“Wonder Woman,” the comic-book epic poised to dominate the box office this weekend, also shatters one of the remaining glass ceilings for women — directing big-budget, Hollywood superhero movies.
If director Patty Jenkins succeeds in turning the story of the Amazonian princess into a blockbuster, she could pave the way for more acceptance of women at the helm of the movie industry’s most financially important pictures. The feature is already a hit with critics, scoring among the best Marvel and DC Comics movies on review aggregator RottenTomatoes, and is headed toward a $111 million opening weekend in North American theaters, according to BoxOfficePro. That would make it one of the year’s biggest movies.
The film and television industries are under pressure to usher in more diversity behind the camera, with federal regulators making an inquiry last year into discrimination by studios. Just 4 percent of all directors across 1,000 top movies from 2007 to 2016 were female, and of those only three were black women, according to Stacy Smith, an associate professor at the University of Southern California. Jenkins has spent most of her career in television and has a single previous feature to her credit — the 2003 drama “Monster,” which earned an acting Oscar for Charlize Theron.
“What I am hoping for with ‘Wonder Woman’ is that it will create a new normal, a new template for what these movies can be,” said Rowena Arguelles, a motion picture literary agent with Creative Artists Agency, which represents Jenkins. “So instead of all this being about a female superhero movie or a female director, it’s about the movie.”

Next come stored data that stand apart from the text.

(* Let ${\bf f}_1:\mathbb{R}^m\times\mathbb{R}_{\ge 0}\to\mathbb{R}^m$ and ${\bf f}_2:\mathbb{R}^m\times\mathbb{R}_{\ge 0}\to\mathbb{R}^m$ be continuously differentiable. Suppose both are contracting with identity metric, i.e. there is $\beta>0$ such that the symmetric parts of the Jacobians satisfy $\frac12\big(\frac{\partial {\bf f}_k}{\partial {\bf x}}+\frac{\partial {\bf f}_k}{\partial {\bf x}}^T\big)({\bf x},t)\le -\beta I$ for all ${\bf x},t$ and $k=1,2$; assume also that these Jacobians are uniformly bounded. Let ${\bf G}$ be a constant real $m\times p$ matrix, let $k_{12},k_{21}>0$ and let $T_{12},T_{21}\ge 0$ be constant delays. Consider the coupled delay system $$\dot{\bf x}_1(t)={\bf f}_1({\bf x}_1,t)+\tfrac{1}{k_{21}}{\bf G}{\bf G}^T\big({\bf x}_2(t-T_{21})-{\bf x}_1(t)\big),\qquad \dot{\bf x}_2(t)={\bf f}_2({\bf x}_2,t)+\tfrac{1}{k_{12}}{\bf G}{\bf G}^T\big({\bf x}_1(t-T_{12})-{\bf x}_2(t)\big),$$ with continuous initial functions on $[-\max(T_{12},T_{21}),0]$. Then the overall system is asymptotically contracting: for all values of the delays, any two solutions converge asymptotically to each other (all solutions converge to a single trajectory, independently of the initial conditions).
   Context: A system is called asymptotically contracting if every virtual displacement (infinitesimal difference $\delta{\bf x}$ between neighboring solutions, $\delta{\bf x}=\frac{\partial {\bf x}}{\partial {\bf x}_o}d{\bf x}_o$ with respect to initial data) tends to zero as $t\to\infty$, which implies global asymptotic convergence of all solutions to a single trajectory. *)

theory Defs
  imports "HOL-Analysis.Analysis"
begin

definition sym_part :: "real^'m^'m \<Rightarrow> real^'m^'m" where
  "sym_part A = (1/2) *\<^sub>R (A + transpose A)"

definition C1_field ::
  "(real^'m \<Rightarrow> real \<Rightarrow> real^'m) \<Rightarrow> (real^'m \<Rightarrow> real \<Rightarrow> real^'m^'m)
     \<Rightarrow> (real^'m \<Rightarrow> real \<Rightarrow> real^'m) \<Rightarrow> bool" where
  "C1_field f J ft \<longleftrightarrow>
     (\<forall>x t. t \<ge> 0 \<longrightarrow>
        ((\<lambda>z. f (fst z) (snd z)) has_derivative (\<lambda>(v, s). J x t *v v + s *\<^sub>R ft x t))
          (at (x, t) within UNIV \<times> {0..})) \<and>
     continuous_on (UNIV \<times> {0..}) (\<lambda>z. J (fst z) (snd z)) \<and>
     continuous_on (UNIV \<times> {0..}) (\<lambda>z. ft (fst z) (snd z))"

definition contracting_identity_metric ::
  "(real^'m \<Rightarrow> real \<Rightarrow> real^'m^'m) \<Rightarrow> real \<Rightarrow> bool" where
  "contracting_identity_metric J \<beta> \<longleftrightarrow>
     (\<forall>x t v. t \<ge> 0 \<longrightarrow> v \<bullet> (sym_part (J x t) *v v) \<le> - \<beta> * (v \<bullet> v))"

text \<open>A solution of the coupled delay system on [-max T12 T21, \<infinity>): continuous there
  (its restriction to [-max T12 T21, 0] is the continuous initial function) and
  satisfying the delay ODE for all t \<ge> 0 (right derivative at t = 0).\<close>
definition coupled_solution ::
  "(real^'m \<Rightarrow> real \<Rightarrow> real^'m) \<Rightarrow> (real^'m \<Rightarrow> real \<Rightarrow> real^'m) \<Rightarrow> real^'p^'m
     \<Rightarrow> real \<Rightarrow> real \<Rightarrow> real \<Rightarrow> real \<Rightarrow> (real \<Rightarrow> real^'m) \<Rightarrow> (real \<Rightarrow> real^'m) \<Rightarrow> bool" where
  "coupled_solution f1 f2 G k12 k21 T12 T21 x1 x2 \<longleftrightarrow>
     continuous_on {- max T12 T21..} x1 \<and> continuous_on {- max T12 T21..} x2 \<and>
     (\<forall>t\<ge>0. (x1 has_vector_derivative
        (f1 (x1 t) t + (1 / k21) *\<^sub>R ((G ** transpose G) *v (x2 (t - T21) - x1 t))))
        (at t within {0..})) \<and>
     (\<forall>t\<ge>0. (x2 has_vector_derivative
        (f2 (x2 t) t + (1 / k12) *\<^sub>R ((G ** transpose G) *v (x1 (t - T12) - x2 t))))
        (at t within {0..}))"

end

theory Submission
  imports Defs
begin

(* The differences e_i = x_i - y_i of two solutions obey the same delay-coupled system, with the
  fields replaced by d_i = f_i(x_i) - f_i(y_i); by the mean value theorem and the contraction
  hypothesis, d_i . e_i <= -beta |e_i|^2.  Along the errors, the Lyapunov-Krasovskii functional
    V = k21 |e1|^2 + k12 |e2|^2 + int_{t-T21}^t |G^T e2|^2 + int_{t-T12}^t |G^T e1|^2
  satisfies V' <= -2 beta (k21 |e1|^2 + k12 |e2|^2), since the integral terms turn the delayed
  coupling into -|G^T e1(t) - G^T e2(t - T21)|^2 - |G^T e2(t) - G^T e1(t - T12)|^2.  So V is
  nonincreasing and the errors stay bounded; then the derivative of |e1|^2 + |e2|^2 is bounded
  above, and a Barbalat-type argument forces |e1|^2 + |e2|^2 -> 0. *)

lemma inner_double_le:
  fixes a b :: "'a::real_inner"
  shows "2 * (a \<bullet> b) \<le> a \<bullet> a + b \<bullet> b"
proof -
  have "0 \<le> (a - b) \<bullet> (a - b)" by simp
  then show ?thesis by (simp add: inner_diff_left inner_diff_right inner_commute)
qed

lemma inner_gram_matrix:
  fixes G :: "real^'p^'m"
  shows "x \<bullet> ((G ** transpose G) *v y) = (transpose G *v x) \<bullet> (transpose G *v y)"
  by (metis dot_lmul_matrix matrix_vector_mul_assoc transpose_matrix_vector)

There are already signs of progress. “Captain Marvel,” another female superhero film due in 2019, will be co-directed by a woman, Anna Boden, with her collaborator Ryan Fleck. Gina Prince-Bythewood, who is black, is lined up for “Silver & Black,” chronicling the adventures of Silver Sable and Black Cat.
But those heroes aren’t as culturally iconic as Wonder Woman, who debuted in the comics in 1941, made Lynda Carter an icon in a 1970s TV series and was briefly named a United Nations Honorary Ambassador for the Empowerment of Women and Girls last year. (The UN dropped the idea after critics said comic-book artists have used Wonder Woman to unrealistically portray women’s bodies.)
With studios churning out several superhero pictures a year, the ratio of women behind the camera is still far lower than 50 percent, despite the fact that women make up 52 percent of the filmgoing public, according to the Motion Picture Association of America.
Success would vindicate Warner Bros.’ choice in picking a director with no big-budget experience for its latest DC Comics movie — a key franchise for the studio. Some fans are buying tickets for opening night not just to see the film but as a show of support for Jenkins.
Lot of Power
“Fans and people who love superheroes have a lot of power in what gets made,” said Leslie Combemale, a film critic and gallery owner in Virginia who is organizing groups to see the film Friday. “We can speak with our money, and tweet about it, and get behind these female directors and below-the-line artists, production designers and animators, all these women who want to be in the film industry.”
Independent theater operator Alamo Drafthouse Cinema LLC offered women-only screenings, which sold out in an hour. It will be donating the proceeds to Planned Parenthood.
Warner Bros., the studio owned by Time Warner Inc., first revealed its version of Wonder Woman, played by Israeli actress Gal Gadot, in last year’s “Batman v Superman” movie. Gadot reprises the role of Diana, princess of the Amazons, in a story that retraces her origins.
Female directors for such movies have been rare in part because studios prefer to pick people with experience handling big-budget fare — and that often means men, said Kirsten Schaffer, executive director at Women in Film, Los Angeles, which advocates for gender parity in Hollywood.
“Women’s careers move at a slower pace than their male counterparts, with men most often able to jump higher, faster,” she said. “Our research has shown that there is a lot of unconscious bias that goes into those decisions.”
With more studies highlighting the extent of gender bias in the industry in recent years, the industry has started to shift, Schaffer and Arguelles said. When studio executives compile lists of directors for projects, there’s now pressure to include women.
“I have certainly felt a shift in attitude,” said Arguelles. “What is so groundbreaking with ‘Wonder Woman’ is that Patty broke the mold that superhero action movies can only be made by and star men. This will help people recognize that it comes down to talent, not gender.”
“Wonder Woman” cost $149 million to make, according to Box Office Mojo. Ava DuVernay, a vocal critic of the lack of both gender and racial diversity in Hollywood, is the first black woman to helm a $100 million movie with Walt Disney Co.’s “A Wrinkle in Time,” due out next year, according to the Los Angeles Times.
“Money speaks in Hollywood,” said Camilla Hall, a former Bloomberg reporter whose directorial debut “Copwatch” opened at this year’s Tribeca Film Festival. “It helps the next generation of directors to see female directors on these big-budget features.”